The Time of Our Lives
Page 14
Before the ceremony began the bishop stood with us in a little side room. He looked dignified and weighty, holding a tall staff shaped like a shepherd’s crook and wearing a miter, the big pointy hat, or rather the liturgical headdress, that bishops and cardinals sometimes wear. He was in bright red robes. He had thick eyeglasses and gray hair and was in his 70s, and as the girls and the boys chirped and shoved and laughed he took a hard look at them and said “Quiet!” in a way that made me mildly ashamed of my inability to whip them into shape. They listened to him for at least eight seconds before becoming themselves again.
* * *
I love some of these children. Some of them have been my son’s friends and in my house since preschool and I want to hug them when I see them. Some are so kindhearted that they bring tears to your eyes. Some of them are deep inside good and mean to do good in the world. A handful of them are brave, too, and have had a lot to put up with in their parents.
But some are victims of the self-esteem movement. They have a wholly unearned self-respect.
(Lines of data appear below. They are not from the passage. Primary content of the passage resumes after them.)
(* For an integer $g$, let $P_{4,g} = \{(x,y,z)\in\mathbb{R}^3 : 2x-y\ge 0,\ x+y-z\ge 0,\ -x+y+z\ge -1,\ -y+2z\ge -1,\ x+y+z=g,\ x\ge 1,\ y\ge 1,\ z\ge 1\}$. Then: (i) $\#(P_{4,g}\cap\mathbb{Z}^3)$ equals $1,3,4,6,7,9$ for $g=3,4,5,6,7,8$ respectively; (ii) if $g \ge 9$, then $\#(P_{4,g}\cap\mathbb{Z}^3) = \#(T_A(g)\cap\mathbb{Z}^2) + \#(T_B(g)\cap\mathbb{Z}^2) + \#(R(g)\cap\mathbb{Z}^2) - \#(T_C(g)\cap\mathbb{Z}^2)$, where $T_A(g) = \{(x,y)\in\mathbb{R}^2 : 3x+y\ge g,\ x\le \frac{2g+1}{8},\ y\le \frac{g}{2}\}$, $T_B(g) = \{(x,y)\in\mathbb{R}^2 : x+3y\ge g-1,\ x\le \frac{g+1}{2},\ y\le \frac{2g-3}{8}\}$, $R(g) = \{(x,y)\in\mathbb{R}^2 : \frac{2g+1}{8}\le x\le \frac{g+1}{2},\ \frac{2g-3}{8}\le y\le \frac{g}{2}\}$, $T_C(g) = \{(x,y)\in\mathbb{R}^2 : x+y\ge g,\ x\le \frac{g+1}{2},\ y\le \frac{g}{2}\}$. *)

theory Defs
  imports Main Complex_Main
begin

definition P4 :: "int \<Rightarrow> (real \<times> real \<times> real) set" where
  "P4 g = {(x,y,z). 2*x - y \<ge> 0 \<and> x + y - z \<ge> 0 \<and> -x + y + z \<ge> -1 \<and> -y + 2*z \<ge> -1
                 \<and> x + y + z = real_of_int g \<and> x \<ge> 1 \<and> y \<ge> 1 \<and> z \<ge> 1}"

definition TA :: "int \<Rightarrow> (real \<times> real) set" where
  "TA g = {(x,y). 3*x + y \<ge> real_of_int g \<and> x \<le> (2*real_of_int g + 1)/8 \<and> y \<le> real_of_int g / 2}"

definition TB :: "int \<Rightarrow> (real \<times> real) set" where
  "TB g = {(x,y). x + 3*y \<ge> real_of_int g - 1 \<and> x \<le> (real_of_int g + 1)/2 \<and> y \<le> (2*real_of_int g - 3)/8}"

definition RR :: "int \<Rightarrow> (real \<times> real) set" where
  "RR g = {(x,y). (2*real_of_int g + 1)/8 \<le> x \<and> x \<le> (real_of_int g + 1)/2
               \<and> (2*real_of_int g - 3)/8 \<le> y \<and> y \<le> real_of_int g / 2}"

definition TC :: "int \<Rightarrow> (real \<times> real) set" where
  "TC g = {(x,y). x + y \<ge> real_of_int g \<and> x \<le> (real_of_int g + 1)/2 \<and> y \<le> real_of_int g / 2}"

definition lattice3 :: "(real \<times> real \<times> real) set \<Rightarrow> nat" where
  "lattice3 S = card {p :: int \<times> int \<times> int. (real_of_int (fst p), real_of_int (fst (snd p)), real_of_int (snd (snd p))) \<in> S}"

definition lattice2 :: "(real \<times> real) set \<Rightarrow> nat" where
  "lattice2 S = card {p :: int \<times> int. (real_of_int (fst p), real_of_int (snd p)) \<in> S}"

end

theory Submission
  imports Defs
begin

text \<open>Eliminating \<open>y = g - x - z\<close> projects \<open>P\<^sub>4,g\<close> bijectively onto a planar polygon in
  the \<open>(x, z)\<close>-plane. For \<open>g \<ge> 9\<close> the lattice points of that polygon are exactly those of
  \<open>T\<^sub>A \<union> T\<^sub>B \<union> R\<close> outside \<open>T\<^sub>C\<close>, where the first three are disjoint on the lattice and
  contain \<open>T\<^sub>C\<close>; inclusion-exclusion then gives the count.\<close>

definition lattice_points2 :: "(real \<times> real) set \<Rightarrow> (int \<times> int) set" where
  "lattice_points2 S = {p. (real_of_int (fst p), real_of_int (snd p)) \<in> S}"

definition lattice_points3 :: "(real \<times> real \<times> real) set \<Rightarrow> (int \<times> int \<times> int) set" where
  "lattice_points3 S =
     {p. (real_of_int (fst p), real_of_int (fst (snd p)), real_of_int (snd (snd p))) \<in> S}"

lemma lattice2_eq_card: "lattice2 S = card (lattice_points2 S)"
  by (simp add: lattice2_def lattice_points2_def)

lemma lattice3_eq_card: "lattice3 S = card (lattice_points3 S)"
  by (simp add: lattice3_def lattice_points3_def)

lemma card_Un3_Diff:
  assumes "finite A" "finite B" "finite C"
    and "A \<inter> B = {}" "A \<inter> C = {}" "B \<inter> C = {}" and "D \<subseteq> A \<union> B \<union> C"
  shows "int (card (A \<union> B \<union> C - D)) = int (card A) + int (card B) + int (card C) - int (card D)"
proof -
  have "card (A \<union> B \<union> C) = card A + card B + card C"
    using assms(1-6) by (simp add: card_Un_disjoint Int_Un_distrib2)
  moreover have "card (A \<union> B \<union> C - D) = card (A \<union> B \<union> C) - card D"
    using assms by (meson card_Diff_subset finite_UnI finite_subset)
  moreover have "card D \<le> card (A \<union> B \<union> C)"
    using assms by (intro card_mono) auto
  ultimately show ?thesis by simp
qed

definition P4_shadow :: "int \<Rightarrow> (int \<times> int) set" where
  "P4_shadow g = {(x, z). g \<le> 3*x + z \<and> 2*z \<le> g \<and> 2*x \<le> g + 1 \<and> g - 1 \<le> x + 3*z
                         \<and> 1 \<le> x \<and> 1 \<le> z \<and> x + z \<le> g - 1}"

lemma P4_lattice_point_iff:
  "(real_of_int x, real_of_int y, real_of_int z) \<in> P4 g \<longleftrightarrow>
     y = g - x - z \<and> (x, z) \<in> P4_shadow g"
proof -
  have "(real_of_int x, real_of_int y, real_of_int z) \<in> P4 g \<longleftrightarrow>
      0 \<le> 2*x - y \<and> 0 \<le> x + y - z \<and> -1 \<le> -x + y + z \<and> -1 \<le> -y + 2*z
      \<and> x + y + z = g \<and> 1 \<le> x \<and> 1 \<le> y \<and> 1 \<le> z"
    unfolding P4_def by simp linarith
  then show ?thesis
    unfolding P4_shadow_def by auto
qed

lemma lattice3_P4_eq_card_shadow: "lattice3 (P4 g) = card (P4_shadow g)"
proof -
  have "lattice_points3 (P4 g) = (\<lambda>(x, z). (x, g - x - z, z)) ` P4_shadow g"
    by (force simp: lattice_points3_def P4_lattice_point_iff image_iff)
  moreover have "inj_on (\<lambda>(x, z). (x, g - x - z, z)) (P4_shadow g)"
    by (auto simp: inj_on_def)
  ultimately show ?thesis
    by (simp add: lattice3_eq_card card_image)
qed

lemma P4_shadow_code:
  "P4_shadow g = Set.filter (\<lambda>p. p \<in> P4_shadow g) (set [1..g] \<times> set [1..g])"
  by (auto simp: P4_shadow_def)

lemma lattice_points_TA:
  "lattice_points2 (TA g) = {(x, y). g \<le> 3*x + y \<and> 8*x \<le> 2*g + 1 \<and> 2*y \<le> g}"
proof -
  have "(real_of_int x, real_of_int y) \<in> TA g \<longleftrightarrow>
      real_of_int g \<le> of_int (3*x + y) \<and> of_int (8*x) \<le> real_of_int (2*g + 1)
      \<and> of_int (2*y) \<le> real_of_int g" for x y
    unfolding TA_def by (simp add: field_simps)
  then show ?thesis
    unfolding lattice_points2_def of_int_le_iff by auto
qed

lemma lattice_points_TB:
  "lattice_points2 (TB g) = {(x, y). g - 1 \<le> x + 3*y \<and> 2*x \<le> g + 1 \<and> 8*y \<le> 2*g - 3}"
proof -
  have "(real_of_int x, real_of_int y) \<in> TB g \<longleftrightarrow>
      real_of_int (g - 1) \<le> of_int (x + 3*y) \<and> of_int (2*x) \<le> real_of_int (g + 1)
      \<and> of_int (8*y) \<le> real_of_int (2*g - 3)" for x y
    unfolding TB_def by (simp add: field_simps)
  then show ?thesis
    unfolding lattice_points2_def of_int_le_iff by auto
qed

lemma lattice_points_RR:
  "lattice_points2 (RR g) =
     {(x, y). 2*g + 1 \<le> 8*x \<and> 2*x \<le> g + 1 \<and> 2*g - 3 \<le> 8*y \<and> 2*y \<le> g}"
proof -
  have "(real_of_int x, real_of_int y) \<in> RR g \<longleftrightarrow>
      real_of_int (2*g + 1) \<le> of_int (8*x) \<and> of_int (2*x) \<le> real_of_int (g + 1)
      \<and> real_of_int (2*g - 3) \<le> of_int (8*y) \<and> of_int (2*y) \<le> real_of_int g" for x y
    unfolding RR_def by (simp add: field_simps)
  then show ?thesis
    unfolding lattice_points2_def of_int_le_iff by auto
qed

lemma lattice_points_TC:
  "lattice_points2 (TC g) = {(x, y). g \<le> x + y \<and> 2*x \<le> g + 1 \<and> 2*y \<le> g}"
proof -
  have "(real_of_int x, real_of_int y) \<in> TC g \<longleftrightarrow>
      real_of_int g \<le> of_int (x + y) \<and> of_int (2*x) \<le> real_of_int (g + 1)
      \<and> of_int (2*y) \<le> real_of_int g" for x y
    unfolding TC_def by (simp add: field_simps)
  then show ?thesis
    unfolding lattice_points2_def of_int_le_iff by auto
qed

lemma finite_lattice_points_TA_TB_RR_TC:
  assumes "0 \<le> g"
  shows "finite (lattice_points2 (TA g))" "finite (lattice_points2 (TB g))"
    "finite (lattice_points2 (RR g))" "finite (lattice_points2 (TC g))"
proof -
  have box: "lattice_points2 S \<subseteq> {-g..g} \<times> {-g..g}"
    if "S \<in> {TA g, TB g, RR g, TC g}" for S
    using that assms
    by (auto simp: lattice_points_TA lattice_points_TB lattice_points_RR lattice_points_TC)
  show "finite (lattice_points2 (TA g))" "finite (lattice_points2 (TB g))"
    "finite (lattice_points2 (RR g))" "finite (lattice_points2 (TC g))"
    by (intro finite_subset[OF box] finite_SigmaI finite_atLeastAtMost_int; simp)+
qed

lemma P4_shadow_decomposition:
  assumes "9 \<le> g"
  shows "lattice_points2 (TA g) \<inter> lattice_points2 (TB g) = {}"
    and "lattice_points2 (TA g) \<inter> lattice_points2 (RR g) = {}"
    and "lattice_points2 (TB g) \<inter> lattice_points2 (RR g) = {}"
    and "lattice_points2 (TC g) \<subseteq>
           lattice_points2 (TA g) \<union> lattice_points2 (TB g) \<union> lattice_points2 (RR g)"
    and "lattice_points2 (TA g) \<union> lattice_points2 (TB g) \<union> lattice_points2 (RR g)
           - lattice_points2 (TC g) = P4_shadow g"
  using assms
  unfolding lattice_points_TA lattice_points_TB lattice_points_RR lattice_points_TC P4_shadow_def
  by (auto; presburger)+

theorem mainTheorem7:
  shows "(lattice3 (P4 3) = 1 \<and> lattice3 (P4 4) = 3 \<and> lattice3 (P4 5) = 4 \<and>
          lattice3 (P4 6) = 6 \<and> lattice3 (P4 7) = 7 \<and> lattice3 (P4 8) = 9) \<and>
         (\<forall>g::int. g \<ge> 9 \<longrightarrow>
           int (lattice3 (P4 g)) = int (lattice2 (TA g)) + int (lattice2 (TB g)) + int (lattice2 (RR g))
                                   - int (lattice2 (TC g)))"
proof (intro conjI allI impI)
  show "lattice3 (P4 3) = 1" "lattice3 (P4 4) = 3" "lattice3 (P4 5) = 4"
    "lattice3 (P4 6) = 6" "lattice3 (P4 7) = 7" "lattice3 (P4 8) = 9"
    unfolding lattice3_P4_eq_card_shadow
    by (subst P4_shadow_code; simp add: P4_shadow_def; code_simp)+
next
  fix g :: int
  assume "9 \<le> g"
  then show "int (lattice3 (P4 g)) = int (lattice2 (TA g)) + int (lattice2 (TB g))
               + int (lattice2 (RR g)) - int (lattice2 (TC g))"
    unfolding lattice3_P4_eq_card_shadow lattice2_eq_card
    using P4_shadow_decomposition[of g] finite_lattice_points_TA_TB_RR_TC[of g]
      card_Un3_Diff[of "lattice_points2 (TA g)" "lattice_points2 (TB g)" "lattice_points2 (RR g)"
        "lattice_points2 (TC g)"]
    by simp
qed

end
No, an unearned admiration for themselves. And they’ve been given this high sense of themselves by parents and teachers who didn’t and don’t have time for them and who make it up to them by making them conceited. I’m not sure how this will play out as they hit adulthood. What will happen to them when the world stops telling them what they have been told every day for the first quarter century of their lives, which is: You are wonderful.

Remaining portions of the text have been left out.